While the rest of the Northeast was covered with snow, it rained in Maine. Nearly 6 inches of rain and winds that gusted up to seventy miles per hour. The house shook last night, the way my kitchen aid shakes when it's on the high setting. An outside rumble that makes you wonder if the whole thing is going to come off it's hinges. There was lightning and rain and high tides and when Micky climbed onto the bed I didn't kick him off. We instantly noticed the tree lying across our backyard. The kind of tree that takes over the backyard with it's fall. A few weeks of firewood, I thought. If we had a stove... or a chainsaw. We didn't notice the roofing until we left for work. The passenger side of the car was riddled with shingles, the scratch stretching deep from front door to bumper.
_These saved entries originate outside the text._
(* Let $A$ be a normal bounded linear operator on a complex Hilbert space $\mathcal H\neq\{0\}$. Then \[ W_0(A)=\operatorname{conv}\bigl(\sigma(A)\cap\mathcal C_A\bigr), \] where $\mathcal C_A=\{z\in\mathbb C: |z|=\|A\|\}$.
   Context: The maximal numerical range $W_0(A)$ is the set of all $\lambda\in\mathbb C$ for which there exist unit vectors $x_n\in\mathcal H$ with $\|Ax_n\|\to\|A\|$ and $\langle Ax_n,x_n\rangle\to\lambda$. $\sigma(A)$ denotes the spectrum of $A$ and $\operatorname{conv}$ the convex hull. *)

theory Defs
  imports "HOL-Analysis.Analysis"
begin

class complex_vector = real_vector +
  fixes scaleC :: "complex \<Rightarrow> 'a \<Rightarrow> 'a"
  assumes scaleC_add_right: "scaleC a (x + y) = scaleC a x + scaleC a y"
    and scaleC_add_left: "scaleC (a + b) x = scaleC a x + scaleC b x"
    and scaleC_scaleC: "scaleC a (scaleC b x) = scaleC (a * b) x"
    and scaleC_one: "scaleC 1 x = x"
    and scaleR_scaleC: "scaleR r x = scaleC (complex_of_real r) x"

class complex_inner = complex_vector + real_normed_vector +
  fixes cinner :: "'a \<Rightarrow> 'a \<Rightarrow> complex"
  assumes cinner_add_left: "cinner (x + y) z = cinner x z + cinner y z"
    and cinner_scaleC_left: "cinner (scaleC c x) y = c * cinner x y"
    and cinner_commute: "cinner y x = cnj (cinner x y)"
    and cinner_nonneg: "0 \<le> Re (cinner x x)"
    and cinner_eq_zero_iff: "cinner x x = 0 \<longleftrightarrow> x = 0"
    and norm_eq_sqrt_cinner: "norm x = sqrt (Re (cinner x x))"

class chilbert_space = complex_inner + complete_space

text \<open>Non-vacuity: the complex numbers form a complex Hilbert space.\<close>

instantiation complex :: complex_inner
begin
definition scaleC_complex_def: "scaleC (a::complex) (x::complex) = a * x"
definition cinner_complex_def: "cinner (x::complex) y = x * cnj y"
instance
proof
  fix x y z a b :: complex and r :: real
  show "scaleC a (x + y) = scaleC a x + scaleC a y" by (simp add: scaleC_complex_def algebra_simps)
  show "scaleC (a + b) x = scaleC a x + scaleC b x" by (simp add: scaleC_complex_def algebra_simps)
  show "scaleC a (scaleC b x) = scaleC (a * b) x" by (simp add: scaleC_complex_def)
  show "scaleC 1 x = x" by (simp add: scaleC_complex_def)
  show "scaleR r x = scaleC (complex_of_real r) x" by (simp add: scaleC_complex_def scaleR_conv_of_real)
  show "cinner (x + y) z = cinner x z + cinner y z" by (simp add: cinner_complex_def algebra_simps)
  show "cinner (scaleC a x) y = a * cinner x y" by (simp add: cinner_complex_def scaleC_complex_def)
  show "cinner y x = cnj (cinner x y)" by (simp add: cinner_complex_def mult.commute)
  show "0 \<le> Re (cinner x x)" by (simp add: cinner_complex_def)
  show "cinner x x = 0 \<longleftrightarrow> x = 0" by (simp add: cinner_complex_def)
  show "norm x = sqrt (Re (cinner x x))"
    by (simp add: cinner_complex_def complex_mult_cnj cmod_def)
qed
end

instance complex :: chilbert_space ..

definition bounded_clinear :: "('a::complex_inner \<Rightarrow> 'b::complex_inner) \<Rightarrow> bool" where
  "bounded_clinear f \<longleftrightarrow> bounded_linear f \<and> (\<forall>c x. f (scaleC c x) = scaleC c (f x))"

definition is_adjoint :: "('a::complex_inner \<Rightarrow> 'a) \<Rightarrow> ('a \<Rightarrow> 'a) \<Rightarrow> bool" where
  "is_adjoint A B \<longleftrightarrow> (\<forall>x y. cinner (A x) y = cinner x (B y))"

definition normal_op :: "('a::complex_inner \<Rightarrow> 'a) \<Rightarrow> bool" where
  "normal_op A \<longleftrightarrow> bounded_clinear A \<and>
     (\<exists>B. bounded_clinear B \<and> is_adjoint A B \<and> (\<forall>x. A (B x) = B (A x)))"

definition op_spectrum :: "('a::complex_inner \<Rightarrow> 'a) \<Rightarrow> complex set" where
  "op_spectrum A = {l. \<not> (\<exists>B. bounded_clinear B \<and>
       (\<forall>x. B (A x - scaleC l x) = x) \<and> (\<forall>x. A (B x) - scaleC l (B x) = x))}"

definition max_numerical_range :: "('a::complex_inner \<Rightarrow> 'a) \<Rightarrow> complex set" where
  "max_numerical_range A = {l. \<exists>x :: nat \<Rightarrow> 'a. (\<forall>n. norm (x n) = 1) \<and>
       (\<lambda>n. norm (A (x n))) \<longlonglongrightarrow> onorm A \<and>
       (\<lambda>n. cinner (A (x n)) (x n)) \<longlonglongrightarrow> l}"

end

theory Submission
  imports Defs
begin

text \<open>For a normal operator every spectral point is an approximate eigenvalue, and approximate
  eigenvectors for distinct approximate eigenvalues are almost orthogonal, since they are also
  approximate eigenvectors of the adjoint. Superposing approximate eigenvectors for finitely many
  points \<open>\<lambda>\<^sub>i\<close> of \<open>\<sigma>(A)\<close> on the circle \<open>|z| = \<parallel>A\<parallel>\<close> with weights \<open>\<surd>u\<^sub>i\<close> therefore gives almost norming
  vectors \<open>y\<close> with \<open>\<langle>Ay,y\<rangle> \<approx> \<Sum> u\<^sub>i \<lambda>\<^sub>i\<close>, which proves \<open>\<supseteq>\<close>.

  For \<open>\<subseteq>\<close>, the separating hyperplane theorem reduces the claim to: for \<open>\<lambda> \<in> W\<^sub>0(A)\<close> and every unit
  \<open>w\<close> there is \<open>\<mu> \<in> \<sigma>(A)\<close> with \<open>|\<mu>| = \<parallel>A\<parallel>\<close> and \<open>Re (w\<^sup>* \<lambda>) \<le> Re (w\<^sup>* \<mu>)\<close>. Write \<open>w\<^sup>* A = T\<^sub>1 + i T\<^sub>2\<close> with
  commuting hermitian \<open>T\<^sub>1, T\<^sub>2\<close>; the defect \<open>\<parallel>A\<parallel>\<^sup>2 - A\<^sup>*A \<ge> 0\<close> is almost zero on almost norming
  vectors. Without the spectral theorem, approximate joint eigenvectors are obtained by maximising
  \<open>\<langle>Tx,x\<rangle> - K\<langle>Qx,x\<rangle>\<close> on the unit sphere and letting \<open>K \<rightarrow> \<infinity>\<close>, first for \<open>T\<^sub>1\<close> against the defect, then
  for \<open>T\<^sub>2\<close> against the defect plus \<open>(T\<^sub>1 - b)\<^sup>2\<close>. The joint approximate eigenvalue \<open>b + ic\<close>, rotated
  back by \<open>w\<close>, is the required \<open>\<mu>\<close>.\<close>

notation scaleC (infixr "*\<^sub>C" 75)
theorem lemma1:
  fixes u :: "'s::finite \<Rightarrow> 'b::finite \<Rightarrow> real"
    and m :: "'s \<Rightarrow> real"
    and y :: "'s \<Rightarrow> 'b \<Rightarrow> real"
  assumes m_distr: "is_distr m"
    and m_full: "\<forall>s. m s > 0"
    and y_distr: "\<forall>a. is_distr (y a)"
  shows "((\<forall>\<mu>\<in>couplings m. U1 u (mu0 m) y \<ge> U1 u \<mu> y) \<longleftrightarrow>
           (\<forall>\<phi>. \<phi> permutes (UNIV :: 's set) \<longrightarrow>
              (\<Sum>s\<in>UNIV. u_ext u s (y s)) \<ge> (\<Sum>s\<in>UNIV. u_ext u s (y (\<phi> s)))))
       \<and> ((\<forall>\<mu>\<in>couplings m. \<mu> \<noteq> mu0 m \<longrightarrow> U1 u (mu0 m) y > U1 u \<mu> y) \<longleftrightarrow>
           (\<forall>\<phi>. \<phi> permutes (UNIV :: 's set) \<and> \<phi> \<noteq> id \<longrightarrow>
              (\<Sum>s\<in>UNIV. u_ext u s (y s)) > (\<Sum>s\<in>UNIV. u_ext u s (y (\<phi> s)))))"
proof -
  define c where "c = (\<lambda>s a. u_ext u s (y a))"
  have m_pos: "\<And>s. m s > 0" using m_full ..
  have gain: "U1 u \<mu> y - U1 u (mu0 m) y = flow_gain c (offdiag \<mu>)" if "\<mu> \<in> couplings m" for \<mu>
    using U1_gain[OF that] unfolding c_def .
  have perm_gain: "flow_gain c (cycle_flow \<phi>)
      = (\<Sum>s\<in>UNIV. u_ext u s (y (\<phi> s))) - (\<Sum>s\<in>UNIV. u_ext u s (y s))" for \<phi>
    unfolding c_def by (rule flow_gain_cycle_flow)
  have "(\<forall>\<mu>\<in>couplings m. U1 u (mu0 m) y \<ge> U1 u \<mu> y) \<longleftrightarrow>
      (\<forall>\<mu>\<in>couplings m. flow_gain c (offdiag \<mu>) \<le> 0)"
    using gain by (auto simp flip: gain)
  moreover have "(\<forall>\<mu>\<in>couplings m. \<mu> \<noteq> mu0 m \<longrightarrow> U1 u (mu0 m) y > U1 u \<mu> y) \<longleftrightarrow>
      (\<forall>\<mu>\<in>couplings m. \<mu> \<noteq> mu0 m \<longrightarrow> flow_gain c (offdiag \<mu>) < 0)"
    using gain by (auto simp flip: gain)
  ultimately show ?thesis
    using couplings_flow_gain_nonpos_iff[OF m_distr m_pos, of c]
      couplings_flow_gain_neg_iff[OF m_distr m_pos, of c]
    by (simp add: perm_gain)
qed

end
(* Let $\mathbf{u}_j\in c_0$, $j\in\mathbb{N}_m$, $\mathcal{L}(\mathbf{x}):=[\langle\mathbf{u}_j,\mathbf{x}\rangle:j\in\mathbb{N}_m]$ for $\mathbf{x}\in\ell_1(\mathbb{N})$, and $\mathcal{L}^*(\mathbf{c}):=\sum_{j\in\mathbb{N}_m}c_j\mathbf{u}_j$. Let $\mathbf{y}_0\in\mathbb{R}^m$, let $\mathcal{Q}_{\mathbf{y}_0}:\mathbb{R}^m\to\mathbb{R}_+$ be convex, and $\lambda>0$. Then $\mathbf{x}_0\in\ell_1(\mathbb{N})$ is a solution of $$\inf\{\mathcal{Q}_{\mathbf{y}_0}(\mathcal{L}(\mathbf{x}))+\lambda\|\mathbf{x}\|_1:\mathbf{x}\in\ell_1(\mathbb{N})\}$$ if and only if there exists $\hat{\mathbf{c}}\in\mathbb{R}^m$ such that $$\hat{\mathbf{c}}=\mathrm{prox}_{\mathcal{Q}_{\mathbf{y}_0}^*}(\hat{\mathbf{c}}+\mathcal{L}(\mathbf{x}_0))\quad\text{and}\quad \mathbf{x}_0=\mathrm{prox}_{\|\cdot\|_1,\ell_2(\mathbb{N}),\mathcal{T}_0}\Big(\mathbf{x}_0-\frac1\lambda\mathcal{S}\mathcal{L}^*(\hat{\mathbf{c}})\Big).$$
   Context: $\mathbb{R}_+:=[0,+\infty)$; $\mathbb{N}_m:=\{1,\dots,m\}$; $c_0$ is the space of real sequences tending to $0$, $\|\mathbf{u}\|_\infty=\sup_j|u_j|$; $\langle\mathbf{u},\mathbf{x}\rangle:=\sum_ju_jx_j$. $\mathcal{Q}_{\mathbf{y}_0}^*(\mathbf{c}):=\sup\{\langle\mathbf{a},\mathbf{c}\rangle_{\mathbb{R}^m}-\mathcal{Q}_{\mathbf{y}_0}(\mathbf{a}):\mathbf{a}\in\mathbb{R}^m\}$ is the convex conjugate. For a convex $\psi:\mathbb{R}^m\to\mathbb{R}\cup\{+\infty\}$, $\mathrm{prox}_\psi(\mathbf{a}):=\arg\min\{\frac12\|\mathbf{a}-\mathbf{c}\|_{\mathbb{R}^m}^2+\psi(\mathbf{c}):\mathbf{c}\in\mathbb{R}^m\}$. $\mathcal{T}_0:\ell_1(\mathbb{N})\to\ell_2(\mathbb{N})$ is the inclusion and $\mathrm{prox}_{\|\cdot\|_1,\ell_2(\mathbb{N}),\mathcal{T}_0}(\mathbf{x}):=\arg\min\{\frac12\|\mathbf{x}-\mathbf{z}\|_2^2+\|\mathbf{z}\|_1:\mathbf{z}\in\ell_1(\mathbb{N})\}=(\max\{|x_j|-1,0\}\mathrm{sign}(x_j):j\in\mathbb{N})$. For $\mathbf{u}\in c_0$, $\mathbb{N}(\mathbf{u}):=\{j:|u_j|=\|\mathbf{u}\|_\infty\}$ and the truncation $\mathcal{S}(\mathbf{u})$ is the sequence equal to $u_j$ for $j\in\mathbb{N}(\mathbf{u})$ and $0$ otherwise. *)

theory Defs
  imports "HOL-Analysis.Analysis"
begin

text \<open>Real sequences indexed by nat (the paper's index set N = {1,2,...} is relabelled
  to start at 0). R^m is rendered as real^'m with an arbitrary finite index type 'm.\<close>

definition in_l1 :: "(nat \<Rightarrow> real) \<Rightarrow> bool" where
  "in_l1 x \<longleftrightarrow> summable (\<lambda>j. \<bar>x j\<bar>)"

definition l1_norm :: "(nat \<Rightarrow> real) \<Rightarrow> real" where
  "l1_norm x = (\<Sum>j. \<bar>x j\<bar>)"

definition in_c0 :: "(nat \<Rightarrow> real) \<Rightarrow> bool" where
  "in_c0 u \<longleftrightarrow> u \<longlonglongrightarrow> 0"

definition seq_inner :: "(nat \<Rightarrow> real) \<Rightarrow> (nat \<Rightarrow> real) \<Rightarrow> real" where
  "seq_inner u x = (\<Sum>j. u j * x j)"

definition sup_norm :: "(nat \<Rightarrow> real) \<Rightarrow> real" where
  "sup_norm u = (SUP j. \<bar>u j\<bar>)"

definition trunc_S :: "(nat \<Rightarrow> real) \<Rightarrow> (nat \<Rightarrow> real)" where
  "trunc_S u = (\<lambda>j. if \<bar>u j\<bar> = sup_norm u then u j else 0)"

definition opL :: "('m::finite \<Rightarrow> nat \<Rightarrow> real) \<Rightarrow> (nat \<Rightarrow> real) \<Rightarrow> real^'m" where
  "opL u x = (\<chi> i. seq_inner (u i) x)"

definition opL_adj :: "('m::finite \<Rightarrow> nat \<Rightarrow> real) \<Rightarrow> real^'m \<Rightarrow> (nat \<Rightarrow> real)" where
  "opL_adj u c = (\<lambda>k. \<Sum>i\<in>UNIV. c $ i * u i k)"

definition conj_fun :: "(real^'m::finite \<Rightarrow> real) \<Rightarrow> real^'m \<Rightarrow> ereal" where
  "conj_fun Q c = (SUP a. ereal (a \<bullet> c - Q a))"

definition prox :: "(real^'m::finite \<Rightarrow> ereal) \<Rightarrow> real^'m \<Rightarrow> real^'m" where
  "prox \<psi> a = (THE c. \<forall>c'. ereal (1/2 * (norm (a - c))\<^sup>2) + \<psi> c
                          \<le> ereal (1/2 * (norm (a - c'))\<^sup>2) + \<psi> c')"

text \<open>prox of the l1 norm w.r.t. l2 and the inclusion T0, via the explicit formula
  given in the paper (soft thresholding).\<close>
definition prox_l1 :: "(nat \<Rightarrow> real) \<Rightarrow> (nat \<Rightarrow> real)" where
  "prox_l1 x = (\<lambda>j. max (\<bar>x j\<bar> - 1) 0 * sgn (x j))"

end

theory Submission
  imports Defs
begin

(* Since Q is finite and convex on R^m, the minimality of x0 for Q(L x) + lam |x|_1 is equivalent,
   via a hyperplane separating the strict epigraph of Q from the image under L of the epigraph of
   lam |.|_1, to the existence of a subgradient c of Q at L x0 such that x0 minimises the linear
   perturbation lam |x|_1 + <L* c, x>.  By the Moreau decomposition, c is a subgradient of Q at y
   exactly when c = prox_{Q*}(c + y).  The perturbed l1 problem decouples into the coordinatewise
   conditions |(L* c)_j| <= lam, with (L* c)_j = -lam sgn x0_j on the support of x0; as L* c lies
   in c0 its sup norm is attained, and these conditions are precisely the soft-thresholding fixed
   point equation with the truncation S(L* c). *)

definition subgradient :: "('a::real_inner \<Rightarrow> real) \<Rightarrow> 'a \<Rightarrow> 'a \<Rightarrow> bool" where
  "subgradient f y c \<longleftrightarrow> (\<forall>z. f y + c \<bullet> (z - y) \<le> f z)"

lemma conj_fun_ge: "ereal (y \<bullet> c - Q y) \<le> conj_fun Q c"
  unfolding conj_fun_def by (rule SUP_upper2[of y]) auto

lemma conj_fun_subgradient:
  assumes "subgradient Q y c"
  shows "conj_fun Q c = ereal (c \<bullet> y - Q y)"
proof (rule antisym)
  show "conj_fun Q c \<le> ereal (c \<bullet> y - Q y)"
    unfolding conj_fun_def
  proof (rule SUP_least)
    fix a
    have "Q y + c \<bullet> (a - y) \<le> Q a" using assms unfolding subgradient_def by blast
    then show "ereal (a \<bullet> c - Q a) \<le> ereal (c \<bullet> y - Q y)"
      by (simp add: inner_diff_right inner_commute)
  qed
  show "ereal (c \<bullet> y - Q y) \<le> conj_fun Q c"
    using conj_fun_ge[of y c Q] by (simp add: inner_commute)
qed
lemma poly2_has_derivative:
  assumes "poly2 p"
  shows "\<exists>p1 p2. continuous_on UNIV p1 \<and> continuous_on UNIV p2 \<and>
     (\<forall>z. (p has_derivative (\<lambda>h. p1 z * fst h + p2 z * snd h)) (at z))"
proof -
  obtain c n where p: "p = bipoly c n" using assms poly2_iff_bipoly by metis
  define p1 where "p1 z = (\<Sum>i\<le>n. \<Sum>j\<le>n. c i j * (of_nat i * fst z ^ (i - 1)) * snd z ^ j)" for z
  define p2 where "p2 z = (\<Sum>i\<le>n. \<Sum>j\<le>n. c i j * fst z ^ i * (of_nat j * snd z ^ (j - 1)))" for z
  have "(p has_derivative (\<lambda>h. p1 z * fst h + p2 z * snd h)) (at z)" for z
    unfolding p bipoly_def[abs_def] p1_def p2_def
    by (auto intro!: derivative_eq_intros
        simp: fun_eq_iff sum_distrib_left sum_distrib_right sum.distrib algebra_simps)
  moreover have "continuous_on UNIV p1" "continuous_on UNIV p2"
    unfolding p1_def p2_def by (intro continuous_intros)+
  ultimately show ?thesis by blast
qed

lemma poly2_swap:
  assumes "poly2 p"
  shows "poly2 (p \<circ> prod.swap)"
proof -
  obtain c n where "p = bipoly c n" using assms poly2_iff_bipoly by metis
  then have "p \<circ> prod.swap = bipoly (\<lambda>i j. c j i) n"
    by (auto simp: fun_eq_iff bipoly_def mult_ac intro: sum.swap[THEN trans])
  then show ?thesis unfolding poly2_iff_bipoly by blast
qed

definition C1_on :: "(real \<times> real) set \<Rightarrow> (real \<times> real \<Rightarrow> real) \<Rightarrow>
    (real \<times> real \<Rightarrow> real) \<Rightarrow> (real \<times> real \<Rightarrow> real) \<Rightarrow> bool" where
  "C1_on S G g1 g2 \<longleftrightarrow> continuous_on S g1 \<and> continuous_on S g2 \<and>
     (\<forall>z\<in>S. (G has_derivative (\<lambda>h. g1 z * fst h + g2 z * snd h)) (at z))"

lemma C1_on_subset: "C1_on S G g1 g2 \<Longrightarrow> T \<subseteq> S \<Longrightarrow> C1_on T G g1 g2"
  unfolding C1_on_def by (meson continuous_on_subset subsetD)

lemma C1_on_continuous: "C1_on S G g1 g2 \<Longrightarrow> continuous_on S G"
  unfolding C1_on_def
  by (meson continuous_at_imp_continuous_on has_derivative_continuous)

lemma rational_C1_on:
  assumes "poly2 r" "poly2 q"
  shows "\<exists>g1 g2. C1_on {z. q z \<noteq> 0} (\<lambda>z. r z / q z) g1 g2"
proof -
  obtain r1 r2 where r: "continuous_on UNIV r1" "continuous_on UNIV r2"
    "\<And>z. (r has_derivative (\<lambda>h. r1 z * fst h + r2 z * snd h)) (at z)"
    using poly2_has_derivative[OF assms(1)] by blast
  obtain q1 q2 where q: "continuous_on UNIV q1" "continuous_on UNIV q2"
    "\<And>z. (q has_derivative (\<lambda>h. q1 z * fst h + q2 z * snd h)) (at z)"
    using poly2_has_derivative[OF assms(2)] by blast
  have cont: "continuous_on UNIV r" "continuous_on UNIV q"
    using r(3) q(3) by (meson continuous_at_imp_continuous_on has_derivative_continuous)+
  define g1 where "g1 z = (r1 z * q z - r z * q1 z) / (q z)\<^sup>2" for z
  define g2 where "g2 z = (r2 z * q z - r z * q2 z) / (q z)\<^sup>2" for z
  have "C1_on {z. q z \<noteq> 0} (\<lambda>z. r z / q z) g1 g2"
    unfolding C1_on_def g1_def g2_def
  proof (intro conjI ballI)
    show "continuous_on {z. q z \<noteq> 0} (\<lambda>z. (r1 z * q z - r z * q1 z) / (q z)\<^sup>2)"
      "continuous_on {z. q z \<noteq> 0} (\<lambda>z. (r2 z * q z - r z * q2 z) / (q z)\<^sup>2)"
      using r q cont by (auto intro!: continuous_intros intro: continuous_on_subset)
    fix z assume "z \<in> {z. q z \<noteq> 0}"
    then show "((\<lambda>z. r z / q z) has_derivative (\<lambda>h. (r1 z * q z - r z * q1 z) / (q z)\<^sup>2 * fst h
        + (r2 z * q z - r z * q2 z) / (q z)\<^sup>2 * snd h)) (at z)"
      by (auto intro!: derivative_eq_intros r(3) q(3)
          simp: fun_eq_iff field_simps power2_eq_square)
  qed
  then show ?thesis by blast
qed

lemma regular_chart1_factor:
  assumes "regular_at (f \<circ> blow_chart1 a) (0, t0)"
  shows "\<exists>G g1 g2 e. e > 0 \<and> C1_on (ball (0, t0) e) G g1 g2 \<and>
           (\<forall>w\<in>ball (0, t0) e. f (blow_chart1 a w) = f a + fst w * G w)"
proof -
  obtain p q where pq: "poly2 p" "poly2 q" "q (0, t0) \<noteq> 0"
    and near: "\<forall>\<^sub>F w in nhds (0, t0). f (blow_chart1 a w) = p w / q w"
    using assms unfolding regular_at_def by auto
  obtain q1 q2 where "\<And>z. (q has_derivative (\<lambda>h. q1 z * fst h + q2 z * snd h)) (at z)"
    using poly2_has_derivative[OF pq(2)] by blast
  then have "isCont q (0, t0)" using has_derivative_continuous by blast
  then have "\<forall>\<^sub>F w in nhds (0, t0). q w \<noteq> 0"
    using continuous_at_avoid[of "(0, t0)" q 0] pq(3) unfolding eventually_nhds_metric
    by (metis dist_commute)
  with near have "\<forall>\<^sub>F w in nhds (0, t0). f (blow_chart1 a w) = p w / q w \<and> q w \<noteq> 0"
    by (rule eventually_conj)
  then obtain e where e: "e > 0"
    and on_ball: "\<And>w. w \<in> ball (0, t0) e \<Longrightarrow> f (blow_chart1 a w) = p w / q w \<and> q w \<noteq> 0"
    unfolding eventually_nhds_metric by (metis dist_commute mem_ball)
  (* The exceptional divisor u = 0 is mapped to a, so p - f(a) q vanishes on it near (0,t0). *)
  have "\<forall>t\<in>ball t0 e. p (0, t) - f a * q (0, t) = 0"
  proof
    fix t assume "t \<in> ball t0 e"
    then have "(0, t) \<in> ball (0, t0) e" by (simp add: dist_Pair_Pair)
    from on_ball[OF this] show "p (0, t) - f a * q (0, t) = 0"
      by (simp add: blow_chart1_def field_simps)
  qed
  moreover have "infinite (ball t0 e)" using e finite_imp_not_open[of "ball t0 e"] by auto
  ultimately obtain r where r: "poly2 r" "\<And>w. p w - f a * q w = fst w * r w"
    using poly2_divisible_by_fst[OF poly2_diff_scaled[OF pq(1,2)]] by blast
  obtain g1 g2 where "C1_on {w. q w \<noteq> 0} (\<lambda>w. r w / q w) g1 g2"
    using rational_C1_on[OF r(1) pq(2)] by blast
  then have "C1_on (ball (0, t0) e) (\<lambda>w. r w / q w) g1 g2"
    using on_ball by (auto intro: C1_on_subset)
  moreover have "f (blow_chart1 a w) = f a + fst w * (r w / q w)" if "w \<in> ball (0, t0) e" for w
  proof -
    have "p w = f a * q w + fst w * r w" using r(2)[of w] by simp
    then show ?thesis using on_ball[OF that] by (simp add: field_simps)
  qed
  ultimately show ?thesis using e by blast
qed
Storms are incredible things. Some are predictable and some are not. They tear at the foundations that our homes are resting on. They shake us to see if we're stable or if we just might tip over, with all our guts and possessions exposed. And today the roofer will come and lay a tarp over the roof. He'll gather the shingles and start the patching process. Next week the handyman will show up to bust apart the fallen tree. And soon we'll be back to where we started, minus one tree and two dozen shingles.
Sometimes it feels like love is just one long string of bracing for the storm and rebuilding when it's over. And these storms are more likely to come without warning. Sometimes they lead right into each other. Even now, as I'm writing, I'm asking (telling) Rich to (please) stop talking to me. And he isn't. He's going on about some website he saw and then something he heard on the radio at work. And I can't think and I can't write. Now I'm raising my voice, to just please let me finish this. Just ten minutes. But his feelings are hurt and he's walking away.
One storm after another. And so we rebuild in the moments of peace. We peer through the missing shingles of each other, seeing glimpses of our guts. Then we patch and hold together and somehow end up a stronger unit rather than a mismatch of glue and staples.